* Task to complete
From the entries that follow, reproduce exactly and only the lines from the line with "unfolding rim_list_decomp by simp" to the line with "using paths path_nonempty[of", endpoints included.

(Stored items)
lemma exists_odd_residue:
  fixes N a b p :: int
  assumes N: "0 < N" and ab: "a mod N \<noteq> b mod N"
  shows "\<exists>c\<in>{a, a + 1, b, b + 1}. odd ((p - c) mod N)"
proof -
  have pair: "\<exists>c\<in>{x, x + 1}. odd ((p - c) mod N)" if "p mod N \<noteq> x mod N" for x
  proof -
    define r where "r = (p - x) mod N"
    have "r \<noteq> 0" using that unfolding r_def by (simp add: mod_eq_dvd_iff dvd_eq_mod_eq_0)
    then have r: "0 < r" "r < N"
      using pos_mod_sign[OF N, of "p - x"] pos_mod_bound[OF N, of "p - x"] unfolding r_def by linarith+
    have "(p - (x + 1)) mod N = (r - 1) mod N" unfolding r_def by (simp add: mod_simps algebra_simps)
    also have "\<dots> = r - 1" using r by simp
    finally show ?thesis unfolding r_def by auto
  qed
  show ?thesis
  proof (cases "p mod N = a mod N")
    case True
    then show ?thesis using pair[of b] ab by auto
  next
    case False
    then show ?thesis using pair[of a] by auto
  qed
qed

definition wheel_vertices :: "nat \<Rightarrow> 'a \<Rightarrow> (nat \<Rightarrow> 'a list) \<Rightarrow> 'a set" where
  "wheel_vertices k h P = insert h (\<Union>i<k. set (P i))"

definition wheel_edges :: "nat \<Rightarrow> 'a \<Rightarrow> (nat \<Rightarrow> 'a list) \<Rightarrow> 'a set set" where
  "wheel_edges k h P = (\<Union>i<k. path_edges (P i))
     \<union> (\<Union>i<k. {{h, P i ! j} | j. j < length (P i) \<and> even j})
     \<union> (\<Union>i<k. {{last (P i), hd (P ((i + 1) mod k))}})"

(* The assumptions are phrased as in generalized_wheel_def, so that generalized_wheel_iff is a
   rewrite. *)
locale wheel_paths =
  fixes k :: nat and h :: 'a and P :: "nat \<Rightarrow> 'a list"
  assumes odd_k: "odd k" and k_ge_3: "3 \<le> k"
    and paths: "\<forall>i<k. odd (length (P i)) \<and> distinct (P i) \<and> h \<notin> set (P i)"
    and disjoint: "\<forall>i<k. \<forall>j<k. i \<noteq> j \<longrightarrow> set (P i) \<inter> set (P j) = {}"
begin

definition rim_list :: "'a list" where "rim_list = concat (map P [0..<k])"

definition hub_neighbours :: "'a set" where
  "hub_neighbours = (\<Union>i<k. {P i ! j | j. j < length (P i) \<and> even j})"

definition spoke_positions :: "int set" where
  "spoke_positions = {a. cyclic_nth rim_list a \<in> hub_neighbours}"

lemma path_nonempty: "i < k \<Longrightarrow> P i \<noteq> []"
  using paths by auto

lemma distinct_rim_list: "distinct rim_list"
proof -
  have "distinct (concat (map P [0..<n]))" if "n \<le> k" for n
    using that
  proof (induction n)
    case (Suc n)
    have "set (P i) \<inter> set (P n) = {}" if "i < n" for i
      using disjoint Suc.prems that by simp
    then show ?case using Suc paths by fastforce
  qed simp
  then show ?thesis unfolding rim_list_def by simp
qed

lemma rim_list_decomp: "rim_list = P 0 @ P 1 @ P 2 @ concat (map P [3..<k])"
proof -
  have "[0..<k] = 0 # 1 # 2 # [3..<k]" using k_ge_3 by (simp add: upt_conv_Cons numeral_3_eq_3)
  then show ?thesis by (simp add: rim_list_def)
qed

lemma odd_length_rim_list: "odd (length rim_list)"
proof -
  have "even (length (concat (map P [0..<n]))) \<longleftrightarrow> even n" if "n \<le> k" for n
    using that by (induction n) (use paths in auto)
  then show ?thesis using odd_k unfolding rim_list_def by blast
qed

lemma length_rim_list_ge_3: "3 \<le> length rim_list"
proof -
  have pos: "0 < length (P i)" if "i < k" for i using paths that odd_pos by blast
  have "length (P 0) + length (P 1) + length (P 2) \<le> length rim_list"
    unfolding rim_list_decomp by simp
  then show ?thesis using pos[of 0] pos[of 1] pos[of 2] k_ge_3 by linarith
qed

lemma set_rim_list: "set rim_list = (\<Union>i<k. set (P i))"
  unfolding rim_list_def by auto

lemma spokes: "\<exists>a\<in>spoke_positions. odd ((p - a) mod int (length rim_list))"
proof -
  \<comment> \<open>The ends of P 0 and P 1 at their junction, and those of P 1 and P 2, are two pairs of
    consecutive rim vertices adjacent to the hub.\<close>
  define a b where "a = length (P 0) - 1" and "b = length (P 0) + length (P 1) - 1"
  have l: "odd (length (P 0))" "odd (length (P 1))" "0 < length (P 2)"
    using paths path_nonempty[of 2] k_ge_3 by auto
  have pos: "int n \<in> spoke_positions" if "n < length rim_list" "rim_list ! n \<in> hub_neighbours" for n
    using that by (simp add: spoke_positions_def cyclic_nth_of_nat)
  have "rim_list ! a = P 0 ! a" "rim_list ! Suc a = P 1 ! 0" "rim_list ! b = P 1 ! (length (P 1) - 1)"
    "rim_list ! Suc b = P 2 ! 0" "a < b" "Suc b < length rim_list"
    using l unfolding rim_list_decomp a_def b_def by (auto simp: nth_append elim!: oddE)
  moreover have "P 0 ! a \<in> hub_neighbours" "P 1 ! 0 \<in> hub_neighbours"
    "P 1 ! (length (P 1) - 1) \<in> hub_neighbours" "P 2 ! 0 \<in> hub_neighbours"
    using l k_ge_3 unfolding hub_neighbours_def a_def by (fastforce elim!: oddE)+
  ultimately have "{int a, int a + 1, int b, int b + 1} \<subseteq> spoke_positions"
    using pos[of a] pos[of "Suc a"] pos[of b] pos[of "Suc b"] by (simp add: add.commute)
  moreover have "int a mod int (length rim_list) \<noteq> int b mod int (length rim_list)"
    using \<open>a < b\<close> \<open>Suc b < length rim_list\<close> by simp
  moreover have "0 < int (length rim_list)" using length_rim_list_ge_3 by linarith
  ultimately show ?thesis using exists_odd_residue[of "int (length rim_list)" "int a" "int b" p] by blast
qed
text \<open>The triples through the three edges of a triangle come from \<open>b\<^sub>1, b\<^sub>2, b\<^sub>3 \<in> B\<close> with
  \<open>b\<^sub>1 + b\<^sub>2 = 2 b\<^sub>3\<close>.\<close>
lemma ruzsa_szemeredi_triples_triangle:
  assumes B: "B \<subseteq> {..<K}" "ap3_free B"
    and "(I, J, L') \<in> ruzsa_szemeredi_triples K U B" "(I', J, L) \<in> ruzsa_szemeredi_triples K U B"
      "(I, J', L) \<in> ruzsa_szemeredi_triples K U B"
  shows "(I, J, L) \<in> ruzsa_szemeredi_triples K U B"
proof -
  obtain u\<^sub>1 v\<^sub>1 b\<^sub>1 u\<^sub>2 v\<^sub>2 b\<^sub>2 u\<^sub>3 v\<^sub>3 b\<^sub>3 where
    in_range: "u\<^sub>1 < U" "v\<^sub>1 < K" "b\<^sub>1 \<in> B" "v\<^sub>2 < K" "b\<^sub>2 \<in> B" "v\<^sub>3 < K" "b\<^sub>3 \<in> B" and
    coords: "I = v\<^sub>1 + 3 * K * u\<^sub>1" "J = v\<^sub>1 + b\<^sub>1" "J = v\<^sub>2 + b\<^sub>2" "L = v\<^sub>2 + 2 * b\<^sub>2 + 3 * K * u\<^sub>2"
      "I = v\<^sub>3 + 3 * K * u\<^sub>3" "L = v\<^sub>3 + 2 * b\<^sub>3 + 3 * K * u\<^sub>3"
    using assms(3-5) unfolding mem_ruzsa_szemeredi_triples by blast
  have low_digits: "v < 3 * K" "v + 2 * b < 3 * K" if "v < K" "b \<in> B" for v b
    using that B(1) by auto
  have "v\<^sub>1 + 3 * K * u\<^sub>1 = v\<^sub>3 + 3 * K * u\<^sub>3"
    using coords(1,5) by simp
  then have "v\<^sub>1 = v\<^sub>3 \<and> u\<^sub>1 = u\<^sub>3"
    by (rule add_mult_eq_add_mult_cancel[rotated 2]) (use in_range low_digits in auto)
  have "v\<^sub>2 + 2 * b\<^sub>2 + 3 * K * u\<^sub>2 = v\<^sub>3 + 2 * b\<^sub>3 + 3 * K * u\<^sub>3"
    using coords(4,6) by simp
  then have "v\<^sub>2 + 2 * b\<^sub>2 = v\<^sub>3 + 2 * b\<^sub>3 \<and> u\<^sub>2 = u\<^sub>3"
    by (rule add_mult_eq_add_mult_cancel[rotated 2]) (use in_range low_digits in auto)
  with \<open>v\<^sub>1 = v\<^sub>3 \<and> u\<^sub>1 = u\<^sub>3\<close> have "b\<^sub>1 + b\<^sub>2 = 2 * b\<^sub>3"
    using coords(2,3) by linarith
  moreover from this have "b\<^sub>1 = b\<^sub>2"
    using B(2) in_range unfolding ap3_free_def by blast
  ultimately have "b\<^sub>3 = b\<^sub>1"
    by simp
  with \<open>v\<^sub>1 = v\<^sub>3 \<and> u\<^sub>1 = u\<^sub>3\<close> show ?thesis
    using coords(1,2,6) in_range(1-3) unfolding mem_ruzsa_szemeredi_triples by auto
qed

lemma induced_matching_ruzsa_szemeredi_triples:
  assumes "B \<subseteq> {..<K}" "ap3_free B"
  shows "induced_matching (ruzsa_szemeredi_triples K U B)"
  unfolding induced_matching_def
  using ruzsa_szemeredi_triples_eq_if_two_coords_eq[OF assms(1)] ruzsa_szemeredi_triples_triangle[OF assms]
  by blast
(* Let $G$ be a tree of order $n \ge 2$ with stability number $\alpha$. Then \[ F(G) \le 3^{\,n-\alpha-1}\, 2^{\,2\alpha - n + 1} + 2^{\,n-\alpha-1}, \] with equality if and only if $G \simeq TC_{n,\alpha}$. Moreover, for $n/2 \le \alpha \le n-1$, $f_{\mathsf{TC}}(n,\alpha) = 3^{\,n-\alpha-1}\, 2^{\,2\alpha - n + 1} + 2^{\,n-\alpha-1}$.
   Context: The Fibonacci index $F(G)$ is the number of stable sets of $G$, including the empty set; $\alpha(G)$ is the stability number. For integers $1\le \alpha\le n$, the Turán graph $T_{n,\alpha}$ is the disjoint union of $\alpha$ cliques whose orders sum to $n$ and differ pairwise by at most one. For $1\le\alpha\le n-1$, the Turán-connected graph $TC_{n,\alpha}$ is obtained from $T_{n,\alpha}$ by choosing a vertex $v$ in one clique of order $\lceil n/\alpha\rceil$ and adding $\alpha-1$ edges joining $v$ to one vertex of each of the other $\alpha-1$ cliques; it is unique up to isomorphism. Define $f_{\mathsf{TC}}(n,\alpha)=F(TC_{n,\alpha})$. *)

theory Defs
  imports Main
begin

definition simple_graph :: "'a set \<Rightarrow> 'a set set \<Rightarrow> bool" where
  "simple_graph V E \<longleftrightarrow> finite V \<and> (\<forall>e\<in>E. e \<subseteq> V \<and> card e = 2)"

definition stable_set :: "'a set \<Rightarrow> 'a set set \<Rightarrow> 'a set \<Rightarrow> bool" where
  "stable_set V E S \<longleftrightarrow> S \<subseteq> V \<and> (\<forall>x\<in>S. \<forall>y\<in>S. {x, y} \<notin> E)"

* Response to this exercise
    unfolding rim_list_decomp by simp
  then show ?thesis using pos[of 0] pos[of 1] pos[of 2] k_ge_3 by linarith
qed

lemma set_rim_list: "set rim_list = (\<Union>i<k. set (P i))"
  unfolding rim_list_def by auto

lemma spokes: "\<exists>a\<in>spoke_positions. odd ((p - a) mod int (length rim_list))"
proof -
  \<comment> \<open>The ends of P 0 and P 1 at their junction, and those of P 1 and P 2, are two pairs of
    consecutive rim vertices adjacent to the hub.\<close>
  define a b where "a = length (P 0) - 1" and "b = length (P 0) + length (P 1) - 1"
  have l: "odd (length (P 0))" "odd (length (P 1))" "0 < length (P 2)"
    using paths path_nonempty[of 2] k_ge_3 by auto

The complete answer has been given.